====== RECORDS SUPPLIED

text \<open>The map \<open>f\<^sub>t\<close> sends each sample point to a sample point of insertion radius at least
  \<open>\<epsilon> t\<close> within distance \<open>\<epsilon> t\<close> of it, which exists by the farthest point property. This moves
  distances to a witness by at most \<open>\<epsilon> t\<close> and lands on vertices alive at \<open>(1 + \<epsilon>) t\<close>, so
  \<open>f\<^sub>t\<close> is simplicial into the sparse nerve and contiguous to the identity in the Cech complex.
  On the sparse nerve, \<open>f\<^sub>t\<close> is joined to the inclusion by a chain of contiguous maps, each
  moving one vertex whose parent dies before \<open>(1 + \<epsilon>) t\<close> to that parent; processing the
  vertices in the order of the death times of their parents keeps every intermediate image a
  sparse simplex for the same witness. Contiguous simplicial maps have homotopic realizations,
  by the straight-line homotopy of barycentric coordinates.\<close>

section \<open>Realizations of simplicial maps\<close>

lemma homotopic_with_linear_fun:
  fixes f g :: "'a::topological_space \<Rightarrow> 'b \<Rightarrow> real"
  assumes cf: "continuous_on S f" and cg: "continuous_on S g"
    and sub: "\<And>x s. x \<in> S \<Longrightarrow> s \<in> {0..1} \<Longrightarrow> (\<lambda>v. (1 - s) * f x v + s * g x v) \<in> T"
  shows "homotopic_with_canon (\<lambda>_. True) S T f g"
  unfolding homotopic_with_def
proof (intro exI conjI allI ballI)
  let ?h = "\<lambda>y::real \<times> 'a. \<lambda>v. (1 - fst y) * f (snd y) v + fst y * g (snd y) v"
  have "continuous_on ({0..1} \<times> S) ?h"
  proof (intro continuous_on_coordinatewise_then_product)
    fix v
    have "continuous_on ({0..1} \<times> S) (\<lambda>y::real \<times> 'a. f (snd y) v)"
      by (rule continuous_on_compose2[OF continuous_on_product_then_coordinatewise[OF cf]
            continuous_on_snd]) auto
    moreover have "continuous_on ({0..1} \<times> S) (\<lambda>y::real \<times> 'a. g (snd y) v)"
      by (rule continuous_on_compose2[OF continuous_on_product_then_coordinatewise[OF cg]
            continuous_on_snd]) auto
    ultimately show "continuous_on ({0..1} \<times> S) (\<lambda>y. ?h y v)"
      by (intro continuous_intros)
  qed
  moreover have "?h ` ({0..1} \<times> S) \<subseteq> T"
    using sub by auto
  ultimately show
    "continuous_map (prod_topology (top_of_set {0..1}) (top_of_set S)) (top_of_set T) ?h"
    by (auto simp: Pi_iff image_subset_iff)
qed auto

============
====== RECORDS SUPPLIED

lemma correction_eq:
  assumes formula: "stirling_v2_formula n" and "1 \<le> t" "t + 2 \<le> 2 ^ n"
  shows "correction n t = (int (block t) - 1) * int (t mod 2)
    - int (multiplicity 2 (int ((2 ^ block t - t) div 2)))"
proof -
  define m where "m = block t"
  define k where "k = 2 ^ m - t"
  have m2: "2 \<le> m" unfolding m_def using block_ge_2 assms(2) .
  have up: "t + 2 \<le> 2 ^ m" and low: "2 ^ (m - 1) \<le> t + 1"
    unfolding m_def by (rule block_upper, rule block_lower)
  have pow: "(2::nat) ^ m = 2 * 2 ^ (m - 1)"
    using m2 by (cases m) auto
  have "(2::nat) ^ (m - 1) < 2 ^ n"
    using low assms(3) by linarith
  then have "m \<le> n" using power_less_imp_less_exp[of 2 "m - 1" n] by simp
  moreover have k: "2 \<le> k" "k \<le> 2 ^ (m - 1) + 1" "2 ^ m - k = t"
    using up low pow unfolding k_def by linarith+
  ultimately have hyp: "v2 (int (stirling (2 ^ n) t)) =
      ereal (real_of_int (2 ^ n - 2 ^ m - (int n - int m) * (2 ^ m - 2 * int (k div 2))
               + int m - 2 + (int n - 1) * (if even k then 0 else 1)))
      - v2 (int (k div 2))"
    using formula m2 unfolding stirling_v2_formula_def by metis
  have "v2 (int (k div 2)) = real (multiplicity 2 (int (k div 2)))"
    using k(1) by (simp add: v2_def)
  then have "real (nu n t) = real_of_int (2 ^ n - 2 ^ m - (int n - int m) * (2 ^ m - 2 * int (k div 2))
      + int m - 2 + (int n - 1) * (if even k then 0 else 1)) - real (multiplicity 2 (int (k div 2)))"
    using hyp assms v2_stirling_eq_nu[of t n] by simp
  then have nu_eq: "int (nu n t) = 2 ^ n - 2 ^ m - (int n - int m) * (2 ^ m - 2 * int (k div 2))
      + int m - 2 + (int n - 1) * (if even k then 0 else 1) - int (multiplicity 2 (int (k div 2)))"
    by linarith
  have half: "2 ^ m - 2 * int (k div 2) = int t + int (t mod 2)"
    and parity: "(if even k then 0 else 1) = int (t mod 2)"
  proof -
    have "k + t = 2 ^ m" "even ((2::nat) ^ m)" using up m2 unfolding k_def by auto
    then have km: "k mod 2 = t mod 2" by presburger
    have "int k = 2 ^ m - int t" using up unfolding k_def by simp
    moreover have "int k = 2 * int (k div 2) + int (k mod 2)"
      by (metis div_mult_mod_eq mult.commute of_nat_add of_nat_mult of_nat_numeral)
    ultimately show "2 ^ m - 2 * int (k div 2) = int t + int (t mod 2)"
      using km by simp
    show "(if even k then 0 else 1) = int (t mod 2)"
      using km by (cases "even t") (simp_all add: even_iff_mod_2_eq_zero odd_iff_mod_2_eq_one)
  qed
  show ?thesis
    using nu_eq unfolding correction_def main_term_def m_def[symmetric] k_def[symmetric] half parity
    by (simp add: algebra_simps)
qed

============
====== RECORDS SUPPLIED

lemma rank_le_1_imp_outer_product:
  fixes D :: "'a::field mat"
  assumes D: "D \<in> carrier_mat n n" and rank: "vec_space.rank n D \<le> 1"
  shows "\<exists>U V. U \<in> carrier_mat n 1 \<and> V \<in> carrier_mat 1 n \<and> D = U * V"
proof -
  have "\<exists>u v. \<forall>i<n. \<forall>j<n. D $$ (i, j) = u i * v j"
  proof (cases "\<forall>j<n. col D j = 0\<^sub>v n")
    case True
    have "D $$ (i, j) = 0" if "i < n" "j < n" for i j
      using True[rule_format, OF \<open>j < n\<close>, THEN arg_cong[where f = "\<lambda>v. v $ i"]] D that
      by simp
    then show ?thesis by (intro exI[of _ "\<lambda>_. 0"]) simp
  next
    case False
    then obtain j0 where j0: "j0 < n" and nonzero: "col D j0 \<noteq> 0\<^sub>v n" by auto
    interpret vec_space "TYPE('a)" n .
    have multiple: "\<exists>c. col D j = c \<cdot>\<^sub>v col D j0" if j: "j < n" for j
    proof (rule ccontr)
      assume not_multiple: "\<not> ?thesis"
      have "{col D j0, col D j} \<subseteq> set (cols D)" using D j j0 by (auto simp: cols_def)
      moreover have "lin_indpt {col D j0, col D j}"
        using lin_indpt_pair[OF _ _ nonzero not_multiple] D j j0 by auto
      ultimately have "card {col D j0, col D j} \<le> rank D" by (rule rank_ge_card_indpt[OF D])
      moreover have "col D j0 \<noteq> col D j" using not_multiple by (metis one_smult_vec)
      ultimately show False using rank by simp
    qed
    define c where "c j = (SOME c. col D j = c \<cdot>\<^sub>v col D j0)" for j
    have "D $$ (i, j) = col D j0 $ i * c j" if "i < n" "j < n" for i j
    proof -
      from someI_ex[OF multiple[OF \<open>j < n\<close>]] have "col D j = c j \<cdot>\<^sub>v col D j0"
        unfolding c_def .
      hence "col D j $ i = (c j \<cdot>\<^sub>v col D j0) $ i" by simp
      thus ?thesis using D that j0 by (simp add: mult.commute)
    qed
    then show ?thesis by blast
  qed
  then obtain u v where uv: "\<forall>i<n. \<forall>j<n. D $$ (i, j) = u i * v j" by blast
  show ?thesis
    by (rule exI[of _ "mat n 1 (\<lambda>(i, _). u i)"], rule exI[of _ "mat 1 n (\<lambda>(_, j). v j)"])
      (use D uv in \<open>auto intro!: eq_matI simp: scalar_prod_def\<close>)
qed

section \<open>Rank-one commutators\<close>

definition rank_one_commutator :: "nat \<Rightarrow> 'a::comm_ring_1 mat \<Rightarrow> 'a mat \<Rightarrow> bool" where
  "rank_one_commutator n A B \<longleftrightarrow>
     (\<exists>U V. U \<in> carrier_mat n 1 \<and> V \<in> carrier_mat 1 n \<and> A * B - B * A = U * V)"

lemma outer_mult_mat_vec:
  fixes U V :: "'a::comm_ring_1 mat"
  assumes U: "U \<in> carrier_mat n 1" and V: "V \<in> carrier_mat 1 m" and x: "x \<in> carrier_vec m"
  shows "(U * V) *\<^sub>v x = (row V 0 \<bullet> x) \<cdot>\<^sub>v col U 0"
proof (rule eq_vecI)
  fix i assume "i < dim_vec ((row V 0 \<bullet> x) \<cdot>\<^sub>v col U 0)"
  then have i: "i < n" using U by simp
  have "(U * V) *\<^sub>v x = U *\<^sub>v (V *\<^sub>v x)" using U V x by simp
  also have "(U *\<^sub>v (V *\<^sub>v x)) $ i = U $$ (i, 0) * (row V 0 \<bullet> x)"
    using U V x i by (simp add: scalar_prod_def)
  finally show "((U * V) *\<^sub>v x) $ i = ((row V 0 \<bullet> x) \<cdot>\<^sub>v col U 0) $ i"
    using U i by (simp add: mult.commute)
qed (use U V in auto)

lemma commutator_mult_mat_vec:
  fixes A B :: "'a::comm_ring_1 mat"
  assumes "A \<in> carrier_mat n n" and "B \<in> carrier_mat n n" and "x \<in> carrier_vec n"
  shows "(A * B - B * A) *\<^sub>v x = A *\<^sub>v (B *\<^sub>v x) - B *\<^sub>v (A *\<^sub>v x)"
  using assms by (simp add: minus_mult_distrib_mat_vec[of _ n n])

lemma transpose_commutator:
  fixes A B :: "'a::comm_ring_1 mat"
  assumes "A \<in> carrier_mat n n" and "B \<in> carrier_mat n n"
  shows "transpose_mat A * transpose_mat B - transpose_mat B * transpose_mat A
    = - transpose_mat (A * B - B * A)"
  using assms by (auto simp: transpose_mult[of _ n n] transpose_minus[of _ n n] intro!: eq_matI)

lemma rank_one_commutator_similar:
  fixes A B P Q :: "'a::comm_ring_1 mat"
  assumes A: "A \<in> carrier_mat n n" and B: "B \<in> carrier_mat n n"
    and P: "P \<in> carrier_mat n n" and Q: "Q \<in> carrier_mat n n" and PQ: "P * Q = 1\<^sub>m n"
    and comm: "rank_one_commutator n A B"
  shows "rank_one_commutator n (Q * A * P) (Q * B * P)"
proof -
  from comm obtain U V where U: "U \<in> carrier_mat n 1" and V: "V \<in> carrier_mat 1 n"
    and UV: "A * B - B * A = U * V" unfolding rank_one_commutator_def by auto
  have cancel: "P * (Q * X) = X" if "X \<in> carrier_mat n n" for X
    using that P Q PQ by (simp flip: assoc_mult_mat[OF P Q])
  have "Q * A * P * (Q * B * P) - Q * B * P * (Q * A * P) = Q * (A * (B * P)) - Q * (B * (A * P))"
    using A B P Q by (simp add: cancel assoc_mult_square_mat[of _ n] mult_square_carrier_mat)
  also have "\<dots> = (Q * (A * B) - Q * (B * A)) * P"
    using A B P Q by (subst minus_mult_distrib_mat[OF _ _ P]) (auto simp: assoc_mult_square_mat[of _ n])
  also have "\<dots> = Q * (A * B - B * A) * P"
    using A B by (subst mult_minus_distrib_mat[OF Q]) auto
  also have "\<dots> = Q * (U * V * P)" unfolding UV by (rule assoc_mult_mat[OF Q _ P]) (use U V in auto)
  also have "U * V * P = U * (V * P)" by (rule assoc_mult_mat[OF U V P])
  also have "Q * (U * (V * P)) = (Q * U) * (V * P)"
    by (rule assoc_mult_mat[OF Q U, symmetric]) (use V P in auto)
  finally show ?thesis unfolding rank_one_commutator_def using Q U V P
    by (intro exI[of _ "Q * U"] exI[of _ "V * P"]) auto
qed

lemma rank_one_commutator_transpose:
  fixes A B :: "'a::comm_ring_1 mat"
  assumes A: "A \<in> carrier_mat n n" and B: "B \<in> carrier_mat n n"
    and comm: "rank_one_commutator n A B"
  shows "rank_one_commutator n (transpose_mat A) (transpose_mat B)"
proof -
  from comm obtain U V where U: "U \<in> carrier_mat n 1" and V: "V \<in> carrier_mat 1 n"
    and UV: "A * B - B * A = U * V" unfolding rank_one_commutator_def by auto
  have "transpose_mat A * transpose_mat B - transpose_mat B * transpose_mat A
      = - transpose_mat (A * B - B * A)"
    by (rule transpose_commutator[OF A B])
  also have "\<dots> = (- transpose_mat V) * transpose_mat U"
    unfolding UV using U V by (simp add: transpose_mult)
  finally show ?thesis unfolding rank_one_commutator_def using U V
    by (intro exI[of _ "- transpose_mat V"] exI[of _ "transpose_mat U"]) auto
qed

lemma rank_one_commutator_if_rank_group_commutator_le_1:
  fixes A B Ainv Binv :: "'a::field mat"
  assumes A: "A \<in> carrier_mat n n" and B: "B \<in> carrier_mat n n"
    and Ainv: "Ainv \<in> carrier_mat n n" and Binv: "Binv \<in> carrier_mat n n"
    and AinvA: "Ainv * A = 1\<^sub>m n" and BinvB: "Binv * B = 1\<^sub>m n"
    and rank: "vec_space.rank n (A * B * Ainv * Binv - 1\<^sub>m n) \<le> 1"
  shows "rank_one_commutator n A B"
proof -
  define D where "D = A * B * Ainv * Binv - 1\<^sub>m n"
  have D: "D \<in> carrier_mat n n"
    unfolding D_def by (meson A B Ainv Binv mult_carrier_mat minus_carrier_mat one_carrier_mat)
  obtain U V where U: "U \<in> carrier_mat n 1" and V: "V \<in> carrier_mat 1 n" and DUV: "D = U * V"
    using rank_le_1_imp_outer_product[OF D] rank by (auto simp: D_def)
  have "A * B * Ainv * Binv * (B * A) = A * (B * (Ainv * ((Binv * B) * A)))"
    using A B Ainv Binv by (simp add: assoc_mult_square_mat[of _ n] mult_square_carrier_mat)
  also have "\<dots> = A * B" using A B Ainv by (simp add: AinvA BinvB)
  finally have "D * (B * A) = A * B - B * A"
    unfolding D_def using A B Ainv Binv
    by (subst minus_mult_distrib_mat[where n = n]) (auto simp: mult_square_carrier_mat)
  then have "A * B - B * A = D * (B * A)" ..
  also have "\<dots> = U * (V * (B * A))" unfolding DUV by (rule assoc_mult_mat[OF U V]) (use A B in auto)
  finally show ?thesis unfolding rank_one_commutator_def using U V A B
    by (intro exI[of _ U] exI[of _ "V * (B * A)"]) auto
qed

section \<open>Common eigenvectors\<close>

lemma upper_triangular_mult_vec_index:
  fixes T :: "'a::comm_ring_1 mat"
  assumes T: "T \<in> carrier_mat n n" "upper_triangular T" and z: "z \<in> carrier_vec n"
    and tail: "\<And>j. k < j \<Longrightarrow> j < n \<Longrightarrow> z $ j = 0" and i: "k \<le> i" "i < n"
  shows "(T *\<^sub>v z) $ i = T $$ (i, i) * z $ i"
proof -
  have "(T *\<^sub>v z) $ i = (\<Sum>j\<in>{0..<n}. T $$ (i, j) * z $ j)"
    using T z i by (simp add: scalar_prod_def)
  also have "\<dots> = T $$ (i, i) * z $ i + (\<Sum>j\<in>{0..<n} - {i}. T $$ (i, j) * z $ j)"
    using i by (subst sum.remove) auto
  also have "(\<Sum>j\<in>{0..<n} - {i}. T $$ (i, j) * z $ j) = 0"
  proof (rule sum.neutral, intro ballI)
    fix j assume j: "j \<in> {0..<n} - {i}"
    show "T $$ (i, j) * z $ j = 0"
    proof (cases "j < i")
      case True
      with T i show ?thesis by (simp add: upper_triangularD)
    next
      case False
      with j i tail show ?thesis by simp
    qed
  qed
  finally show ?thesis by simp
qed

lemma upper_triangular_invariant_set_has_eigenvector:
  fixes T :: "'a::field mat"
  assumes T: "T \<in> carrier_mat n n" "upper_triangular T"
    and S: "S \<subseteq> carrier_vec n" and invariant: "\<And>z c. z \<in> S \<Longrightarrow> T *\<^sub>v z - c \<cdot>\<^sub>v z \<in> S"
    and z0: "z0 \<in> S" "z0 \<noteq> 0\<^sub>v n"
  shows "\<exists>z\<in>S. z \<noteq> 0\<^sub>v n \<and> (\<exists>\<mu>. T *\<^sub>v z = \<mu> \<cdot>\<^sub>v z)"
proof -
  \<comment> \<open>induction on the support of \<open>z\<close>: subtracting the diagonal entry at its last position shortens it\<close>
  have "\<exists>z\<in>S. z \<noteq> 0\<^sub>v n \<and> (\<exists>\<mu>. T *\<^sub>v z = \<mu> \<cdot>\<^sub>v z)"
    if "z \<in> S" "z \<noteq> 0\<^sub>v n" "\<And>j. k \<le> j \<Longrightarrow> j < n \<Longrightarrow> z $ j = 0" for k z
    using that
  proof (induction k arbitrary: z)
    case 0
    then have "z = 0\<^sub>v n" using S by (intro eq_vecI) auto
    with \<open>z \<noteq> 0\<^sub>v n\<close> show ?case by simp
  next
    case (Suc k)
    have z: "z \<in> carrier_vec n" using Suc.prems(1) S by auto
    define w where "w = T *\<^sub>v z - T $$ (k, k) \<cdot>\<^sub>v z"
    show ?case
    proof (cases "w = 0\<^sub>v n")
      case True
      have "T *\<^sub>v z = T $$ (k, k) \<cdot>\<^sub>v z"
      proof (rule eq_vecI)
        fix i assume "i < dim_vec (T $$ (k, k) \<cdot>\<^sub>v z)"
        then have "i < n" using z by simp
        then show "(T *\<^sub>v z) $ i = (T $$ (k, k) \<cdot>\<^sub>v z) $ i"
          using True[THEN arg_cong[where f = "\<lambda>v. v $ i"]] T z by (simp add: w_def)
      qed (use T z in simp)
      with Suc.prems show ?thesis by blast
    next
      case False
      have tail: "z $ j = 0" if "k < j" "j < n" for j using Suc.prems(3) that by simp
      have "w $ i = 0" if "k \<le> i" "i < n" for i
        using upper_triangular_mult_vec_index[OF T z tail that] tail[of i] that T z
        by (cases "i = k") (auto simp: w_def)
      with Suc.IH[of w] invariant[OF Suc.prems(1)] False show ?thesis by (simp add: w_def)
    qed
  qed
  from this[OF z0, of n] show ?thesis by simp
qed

============

- **PROBLEM STATEMENT**
Your answer should be the number of lines in the records that contain the word "induction", with nothing added.

- **RESPONSE**
2